> [Work instruction]
Please output the data below exactly as given, starting at its first line and stopping after the line that contains "nb d is the".

Record extracts Block Start

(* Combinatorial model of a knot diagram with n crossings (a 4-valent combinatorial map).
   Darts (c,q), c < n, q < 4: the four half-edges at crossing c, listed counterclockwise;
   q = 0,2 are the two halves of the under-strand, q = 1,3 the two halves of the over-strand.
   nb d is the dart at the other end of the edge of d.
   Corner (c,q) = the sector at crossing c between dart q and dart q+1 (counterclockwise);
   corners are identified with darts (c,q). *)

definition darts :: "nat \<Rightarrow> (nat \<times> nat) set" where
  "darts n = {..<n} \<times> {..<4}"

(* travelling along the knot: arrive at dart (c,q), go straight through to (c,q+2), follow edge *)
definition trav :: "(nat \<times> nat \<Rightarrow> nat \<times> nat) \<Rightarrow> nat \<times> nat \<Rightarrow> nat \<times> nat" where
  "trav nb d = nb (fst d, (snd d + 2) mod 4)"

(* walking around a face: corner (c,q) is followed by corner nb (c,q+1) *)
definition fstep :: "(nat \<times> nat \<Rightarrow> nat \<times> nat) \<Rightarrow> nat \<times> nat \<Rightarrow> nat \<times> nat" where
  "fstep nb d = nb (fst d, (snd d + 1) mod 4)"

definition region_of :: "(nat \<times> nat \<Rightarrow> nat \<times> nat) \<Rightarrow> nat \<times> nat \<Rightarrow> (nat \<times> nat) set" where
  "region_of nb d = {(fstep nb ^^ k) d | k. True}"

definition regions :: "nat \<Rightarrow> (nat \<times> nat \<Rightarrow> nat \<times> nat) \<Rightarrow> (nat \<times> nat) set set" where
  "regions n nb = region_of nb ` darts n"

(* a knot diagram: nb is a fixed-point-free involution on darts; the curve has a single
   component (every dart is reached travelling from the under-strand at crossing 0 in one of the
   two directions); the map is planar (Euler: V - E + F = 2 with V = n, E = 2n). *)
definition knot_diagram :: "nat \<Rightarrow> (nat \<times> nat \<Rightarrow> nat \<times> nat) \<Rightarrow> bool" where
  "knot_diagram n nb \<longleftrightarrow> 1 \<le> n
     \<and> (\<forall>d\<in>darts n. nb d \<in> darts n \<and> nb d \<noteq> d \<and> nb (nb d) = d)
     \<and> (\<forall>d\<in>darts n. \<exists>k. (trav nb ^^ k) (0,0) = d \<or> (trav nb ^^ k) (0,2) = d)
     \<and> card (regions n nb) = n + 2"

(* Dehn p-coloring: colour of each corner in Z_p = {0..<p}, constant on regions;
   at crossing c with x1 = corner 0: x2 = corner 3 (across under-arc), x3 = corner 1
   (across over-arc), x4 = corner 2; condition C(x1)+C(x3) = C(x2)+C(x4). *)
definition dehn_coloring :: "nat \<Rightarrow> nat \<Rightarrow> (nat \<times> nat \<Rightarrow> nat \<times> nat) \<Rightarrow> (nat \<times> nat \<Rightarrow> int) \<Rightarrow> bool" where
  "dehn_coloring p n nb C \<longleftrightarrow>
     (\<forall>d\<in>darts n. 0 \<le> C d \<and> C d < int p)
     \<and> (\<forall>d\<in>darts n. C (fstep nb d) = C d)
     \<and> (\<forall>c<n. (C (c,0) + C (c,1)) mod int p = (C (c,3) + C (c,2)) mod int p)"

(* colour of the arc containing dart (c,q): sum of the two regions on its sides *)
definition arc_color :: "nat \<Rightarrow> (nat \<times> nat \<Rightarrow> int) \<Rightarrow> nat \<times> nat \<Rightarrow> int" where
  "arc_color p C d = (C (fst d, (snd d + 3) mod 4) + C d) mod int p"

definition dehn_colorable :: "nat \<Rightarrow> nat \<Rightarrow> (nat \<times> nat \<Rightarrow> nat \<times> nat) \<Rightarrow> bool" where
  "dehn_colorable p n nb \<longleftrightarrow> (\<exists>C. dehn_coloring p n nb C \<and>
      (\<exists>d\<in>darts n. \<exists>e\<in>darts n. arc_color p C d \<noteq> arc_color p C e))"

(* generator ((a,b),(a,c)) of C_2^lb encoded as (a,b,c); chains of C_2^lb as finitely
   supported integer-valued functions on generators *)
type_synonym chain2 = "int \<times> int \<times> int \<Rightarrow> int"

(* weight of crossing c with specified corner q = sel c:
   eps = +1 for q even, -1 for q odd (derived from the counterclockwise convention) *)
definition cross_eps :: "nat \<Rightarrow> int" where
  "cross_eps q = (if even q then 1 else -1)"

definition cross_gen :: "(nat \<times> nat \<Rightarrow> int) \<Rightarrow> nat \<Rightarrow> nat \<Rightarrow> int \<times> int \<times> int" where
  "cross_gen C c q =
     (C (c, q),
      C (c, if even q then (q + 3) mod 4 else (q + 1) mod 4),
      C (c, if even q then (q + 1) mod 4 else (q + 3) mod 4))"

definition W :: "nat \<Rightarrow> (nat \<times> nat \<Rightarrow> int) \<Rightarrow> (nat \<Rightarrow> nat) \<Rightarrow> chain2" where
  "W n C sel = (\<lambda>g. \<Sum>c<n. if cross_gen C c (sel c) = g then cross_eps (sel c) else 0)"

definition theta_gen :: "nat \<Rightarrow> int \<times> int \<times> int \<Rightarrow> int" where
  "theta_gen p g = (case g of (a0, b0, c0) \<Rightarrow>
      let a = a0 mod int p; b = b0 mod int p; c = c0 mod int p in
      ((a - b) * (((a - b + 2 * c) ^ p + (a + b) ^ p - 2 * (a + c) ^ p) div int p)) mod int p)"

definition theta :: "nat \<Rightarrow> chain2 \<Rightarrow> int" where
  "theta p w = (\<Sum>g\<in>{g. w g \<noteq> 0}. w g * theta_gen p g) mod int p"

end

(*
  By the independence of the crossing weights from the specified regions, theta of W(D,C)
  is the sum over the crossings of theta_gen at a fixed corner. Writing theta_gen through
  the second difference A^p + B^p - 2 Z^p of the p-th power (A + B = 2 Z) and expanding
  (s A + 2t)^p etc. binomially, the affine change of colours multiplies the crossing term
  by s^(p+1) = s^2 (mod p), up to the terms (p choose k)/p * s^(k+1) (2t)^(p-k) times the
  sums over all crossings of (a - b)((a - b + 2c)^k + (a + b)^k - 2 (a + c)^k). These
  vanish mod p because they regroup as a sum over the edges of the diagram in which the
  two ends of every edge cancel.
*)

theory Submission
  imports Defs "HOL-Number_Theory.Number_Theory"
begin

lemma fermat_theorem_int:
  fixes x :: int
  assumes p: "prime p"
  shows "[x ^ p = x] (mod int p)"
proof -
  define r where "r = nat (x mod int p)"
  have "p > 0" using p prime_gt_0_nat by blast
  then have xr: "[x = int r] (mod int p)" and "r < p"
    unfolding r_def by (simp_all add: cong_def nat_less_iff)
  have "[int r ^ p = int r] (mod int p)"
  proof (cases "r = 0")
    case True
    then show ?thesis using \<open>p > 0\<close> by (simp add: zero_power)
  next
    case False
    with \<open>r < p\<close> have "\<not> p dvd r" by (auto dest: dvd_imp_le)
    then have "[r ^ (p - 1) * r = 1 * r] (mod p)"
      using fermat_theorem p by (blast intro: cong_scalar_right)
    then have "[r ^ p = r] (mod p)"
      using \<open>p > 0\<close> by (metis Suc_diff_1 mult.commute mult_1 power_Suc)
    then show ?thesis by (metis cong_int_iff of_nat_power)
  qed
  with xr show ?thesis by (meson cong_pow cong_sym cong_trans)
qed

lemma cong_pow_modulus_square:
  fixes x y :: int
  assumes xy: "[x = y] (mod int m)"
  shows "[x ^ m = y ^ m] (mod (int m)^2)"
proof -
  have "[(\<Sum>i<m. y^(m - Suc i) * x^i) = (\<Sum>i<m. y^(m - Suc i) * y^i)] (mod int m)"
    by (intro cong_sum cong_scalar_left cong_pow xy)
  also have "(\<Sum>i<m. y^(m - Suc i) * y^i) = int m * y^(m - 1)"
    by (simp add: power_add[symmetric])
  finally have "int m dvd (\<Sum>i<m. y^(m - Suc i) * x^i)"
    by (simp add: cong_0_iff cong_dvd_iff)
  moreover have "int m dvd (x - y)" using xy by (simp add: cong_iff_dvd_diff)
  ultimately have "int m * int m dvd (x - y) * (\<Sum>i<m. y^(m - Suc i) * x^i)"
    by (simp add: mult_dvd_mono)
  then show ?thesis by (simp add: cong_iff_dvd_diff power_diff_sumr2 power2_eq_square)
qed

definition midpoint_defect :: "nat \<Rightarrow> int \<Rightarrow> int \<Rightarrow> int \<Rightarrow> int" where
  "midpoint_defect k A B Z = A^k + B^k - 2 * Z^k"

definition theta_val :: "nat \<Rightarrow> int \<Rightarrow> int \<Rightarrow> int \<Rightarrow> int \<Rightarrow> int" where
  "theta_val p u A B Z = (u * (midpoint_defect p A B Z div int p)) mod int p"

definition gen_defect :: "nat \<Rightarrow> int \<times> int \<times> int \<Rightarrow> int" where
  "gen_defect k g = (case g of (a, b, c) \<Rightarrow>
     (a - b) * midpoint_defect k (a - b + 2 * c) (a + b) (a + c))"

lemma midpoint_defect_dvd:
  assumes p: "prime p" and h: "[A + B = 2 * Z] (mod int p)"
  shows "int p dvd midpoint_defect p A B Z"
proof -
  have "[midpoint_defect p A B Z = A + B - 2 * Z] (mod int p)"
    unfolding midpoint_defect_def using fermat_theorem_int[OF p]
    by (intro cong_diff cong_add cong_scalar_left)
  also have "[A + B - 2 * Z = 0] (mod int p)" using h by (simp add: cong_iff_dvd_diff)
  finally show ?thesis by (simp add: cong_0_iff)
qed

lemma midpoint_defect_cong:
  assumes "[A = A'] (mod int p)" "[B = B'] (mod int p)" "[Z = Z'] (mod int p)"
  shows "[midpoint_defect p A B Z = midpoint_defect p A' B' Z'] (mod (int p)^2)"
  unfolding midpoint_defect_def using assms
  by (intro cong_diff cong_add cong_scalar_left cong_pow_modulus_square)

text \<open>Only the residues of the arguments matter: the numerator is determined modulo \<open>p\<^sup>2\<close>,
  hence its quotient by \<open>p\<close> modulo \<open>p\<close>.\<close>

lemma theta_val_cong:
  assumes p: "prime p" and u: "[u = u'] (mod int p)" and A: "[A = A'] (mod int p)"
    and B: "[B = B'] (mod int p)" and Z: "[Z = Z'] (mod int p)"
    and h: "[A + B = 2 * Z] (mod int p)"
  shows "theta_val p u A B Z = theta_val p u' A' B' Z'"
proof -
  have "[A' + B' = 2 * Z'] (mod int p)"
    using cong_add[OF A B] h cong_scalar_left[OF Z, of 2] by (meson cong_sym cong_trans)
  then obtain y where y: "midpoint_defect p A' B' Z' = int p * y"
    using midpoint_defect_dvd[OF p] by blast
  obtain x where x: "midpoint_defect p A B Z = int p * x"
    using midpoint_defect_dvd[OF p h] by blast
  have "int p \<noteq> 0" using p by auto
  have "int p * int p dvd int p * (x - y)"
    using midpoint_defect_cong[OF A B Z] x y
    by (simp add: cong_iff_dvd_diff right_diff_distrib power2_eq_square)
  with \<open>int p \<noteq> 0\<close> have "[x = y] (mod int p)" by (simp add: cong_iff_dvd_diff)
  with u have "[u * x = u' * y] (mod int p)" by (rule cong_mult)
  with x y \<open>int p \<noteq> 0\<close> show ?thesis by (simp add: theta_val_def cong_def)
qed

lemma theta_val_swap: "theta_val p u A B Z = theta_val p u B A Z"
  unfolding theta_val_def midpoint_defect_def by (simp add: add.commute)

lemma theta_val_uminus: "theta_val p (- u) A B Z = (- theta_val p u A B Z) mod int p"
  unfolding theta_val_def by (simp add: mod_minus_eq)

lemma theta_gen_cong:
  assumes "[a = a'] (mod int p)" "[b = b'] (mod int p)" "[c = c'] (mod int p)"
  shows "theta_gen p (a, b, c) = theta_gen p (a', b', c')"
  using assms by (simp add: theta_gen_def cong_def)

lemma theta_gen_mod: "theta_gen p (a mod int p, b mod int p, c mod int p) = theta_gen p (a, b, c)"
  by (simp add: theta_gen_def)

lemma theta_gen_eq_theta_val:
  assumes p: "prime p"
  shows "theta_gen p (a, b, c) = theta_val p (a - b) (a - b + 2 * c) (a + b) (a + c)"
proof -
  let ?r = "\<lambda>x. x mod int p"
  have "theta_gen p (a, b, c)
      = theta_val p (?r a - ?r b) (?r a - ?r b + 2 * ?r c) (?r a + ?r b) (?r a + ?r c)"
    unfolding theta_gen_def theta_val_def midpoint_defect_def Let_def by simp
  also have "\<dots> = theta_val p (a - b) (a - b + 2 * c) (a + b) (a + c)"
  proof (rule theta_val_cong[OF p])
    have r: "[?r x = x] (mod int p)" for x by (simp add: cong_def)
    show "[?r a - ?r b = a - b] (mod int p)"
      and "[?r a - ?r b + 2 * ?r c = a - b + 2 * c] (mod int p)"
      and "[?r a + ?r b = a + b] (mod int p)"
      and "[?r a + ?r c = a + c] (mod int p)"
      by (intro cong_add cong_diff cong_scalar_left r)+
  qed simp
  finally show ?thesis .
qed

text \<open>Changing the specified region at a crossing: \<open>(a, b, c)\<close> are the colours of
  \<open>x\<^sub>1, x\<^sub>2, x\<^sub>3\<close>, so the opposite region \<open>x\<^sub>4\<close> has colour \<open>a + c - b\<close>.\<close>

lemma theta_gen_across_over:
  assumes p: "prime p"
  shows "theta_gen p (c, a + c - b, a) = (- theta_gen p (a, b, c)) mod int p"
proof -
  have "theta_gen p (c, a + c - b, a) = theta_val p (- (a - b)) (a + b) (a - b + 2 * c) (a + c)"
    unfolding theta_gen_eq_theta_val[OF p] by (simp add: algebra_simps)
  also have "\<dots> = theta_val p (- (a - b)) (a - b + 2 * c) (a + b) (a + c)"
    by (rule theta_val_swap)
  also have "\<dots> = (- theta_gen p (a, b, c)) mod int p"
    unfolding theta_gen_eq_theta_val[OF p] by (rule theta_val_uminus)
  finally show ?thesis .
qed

Record extracts Block End

> [Result below]
(* Combinatorial model of a knot diagram with n crossings (a 4-valent combinatorial map).
   Darts (c,q), c < n, q < 4: the four half-edges at crossing c, listed counterclockwise;
   q = 0,2 are the two halves of the under-strand, q = 1,3 the two halves of the over-strand.
   nb d is the dart at the other end of the edge of d.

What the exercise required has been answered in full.